Add the individual digits comprising the products obtained in Step 1 to each of the unaffected digits in the original number

STEP 3

The total obtained in Step 2 must be a number ending in zero (30, 40, 50, etc) for the account number to be validated

For example:

To validate the card number 49927398716:

Double every alternate digit starting with the second from the right (the 1 in this case)

4 9 9 2 7 3 9 8 7 1 6

1x2 =2

8x2 =16

3x2 =6

2x2 =4

9x2 =18

------------------------

Step 2: 4+(1+8)+9+(4)+7+(6)+9+(1+6)+7+(2)+6

Step 3: Sum = 70 : Card number is validated

Card is validated because the 70/10 yields no remainder

This may be total useless information, but someone may need it one day

Ed

[EddyB]

OK this is proving quite hard, or maybe it's just late (nearly 1am and still working on this!)

I can easily write the validation formula into a solution once I have decided on my algorithm. But actually reversing this and coming up with a key based on that algorithm is quite tricky. I suppose once I sit down in the light of day this will come to me.
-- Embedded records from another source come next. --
lemma lyapunov_form_eigenvector:
  assumes sym: "transpose X = X" and "cmat N *v v = l *s v"
  defines "a \<equiv> Re_vec v" and "b \<equiv> Im_vec v"
  shows "a \<bullet> ((transpose N ** X + X ** N) *v a) + b \<bullet> ((transpose N ** X + X ** N) *v b)
    = 2 * Re l * (a \<bullet> (X *v a) + b \<bullet> (X *v b))"
proof -
  have Na: "N *v a = Re l *\<^sub>R a - Im l *\<^sub>R b" and Nb: "N *v b = Im l *\<^sub>R a + Re l *\<^sub>R b"
    using Re_Im_vec_eigenvector[OF assms(2)] by (simp_all add: a_def b_def)
  have "a \<bullet> ((transpose N ** X + X ** N) *v a) + b \<bullet> ((transpose N ** X + X ** N) *v b)
      = 2 * ((N *v a) \<bullet> (X *v a)) + 2 * ((N *v b) \<bullet> (X *v b))"
    by (simp only: inner_lyapunov_mulv[OF sym])
  also have "\<dots> = 2 * Re l * (a \<bullet> (X *v a) + b \<bullet> (X *v b))"
    unfolding Na Nb using inner_sym_mulv_commute[OF sym, of a b]
    by (simp add: inner_diff_left inner_add_left algebra_simps)
  finally show ?thesis .
qed

lemma lyapunov_equation_form:
  assumes "transpose N ** X + X ** N + W + M = 0"
  shows "y \<bullet> ((transpose N ** X + X ** N) *v y) = - (y \<bullet> (W *v y) + y \<bullet> (M *v (y::real^'n)))"
proof -
  have "transpose N ** X + X ** N + (W + M) = 0"
    using assms by (simp only: add.assoc)
  then have "transpose N ** X + X ** N = - (W + M)"
    by (simp only: eq_neg_iff_add_eq_0)
  then show ?thesis
    by (simp only: uminus_matrix_vector_mult inner_minus_right matrix_vector_mult_add_rdistrib
        inner_add_right)
qed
In the meantime if anyone has anymore pointers/ideas, I'd be very grateful for your wisdom

For this example whilst I get my head round things I'm using this algorithm:

Length is always 16

The 4th digit is always 7

Then the algorithm continues as in the credit card explanation above (multiply every 2nd digit by 2 starting with the 2nd digit from the right... add up all the values as explained above, result must be divisible by 10)

How on earth do you come up with a serial key from this! Or more to the point hundreds of serial keys, all unique!!

[stanley]

Eddy:

I kind of thought I'd be opening a can of worms with my suggestion; it sounds fairly straightforward at first, but after three seconds it clearly turns into a miasma...

Okay, because every other digit is garbage, you could randomize those (odd) digits. Then, you could come up with packages of digits which arrive at the right mod-10 check-digit solution. For example, the set: 2,5,1,8,1,6,3,4 does the job. If you had, say, twenty of these packages, I'd think you could set a script to run through them, with the other digits randomised, and you'd come up with as many combinations as you'd want, all of which would work... You could overdo it (make fifty thousand, say) and then run a script to check for uniqueness...

I'm sure I have probably missed something obvious, but it's a start.

-Stanley

[Fenton]

I don't know that you need to worry about the algorithm for validating credit cards for getting your validation ID. It's kind of different thing.

From what I've seen, you just make something up, using the various calculation functions of Filemaker. You could base it off the credit card. That's a good way to do it. But you want letters as well, and you don't want it to resemble the credit card# in any way.

The Choose() function, loaded with the alphabet, will give you a letter. Yeah, it's tedious to use a function for each letter/number, but that's the way.

You must absolutely guard the final calculation with your life; not only so you can deal out IDs, but so you can restore an ID to a legitimate customer if they lose theirs (if that's possible).

Here's a kind of flakey one I pulled out. It's using the Date to build an ID:

(Mod(Date_, Day(Date_)) + 1) * WeekofYear(Date_) &

Choose( Int(WeekofYear(Date_)/2) -1, " A", "B", "C", "D", "E", "F", "G", "H", "I", "J", "K", "L", "M", "N", "O", "P", "Q", "R", "S", "T", "U", "V", "W", "X", "Y", "Z") & Middle("ABCDEFGHIJKLMNOPQRSTUVWXYZ", Abs(Int(WeekofYear(Date_)/2) - DayofWeek(Date)_), 1)

Which produces, for today: "10EC"

You'd need more, but basically Mod, Choose and Middle are your tools, with Left and Right used sparingly. It doesn't really matter what the calculation is, as long as it produces something that can't be easily reverse engineered, and you don't lose it.

[EddyB]

Hi Stanley,

Thanks for helping out on this one!

I'm a bit confused though as the "odd" numbers are not garbage, they are used in step 2 of the formula - they are added to the individual digits obtained from multiplying the other digits by 2. These numbers could not then be randomised as the result of the multiplied numbers added to the random numbers does not guarantee a result that is divisible by 10. I thought you had it there for a minute though!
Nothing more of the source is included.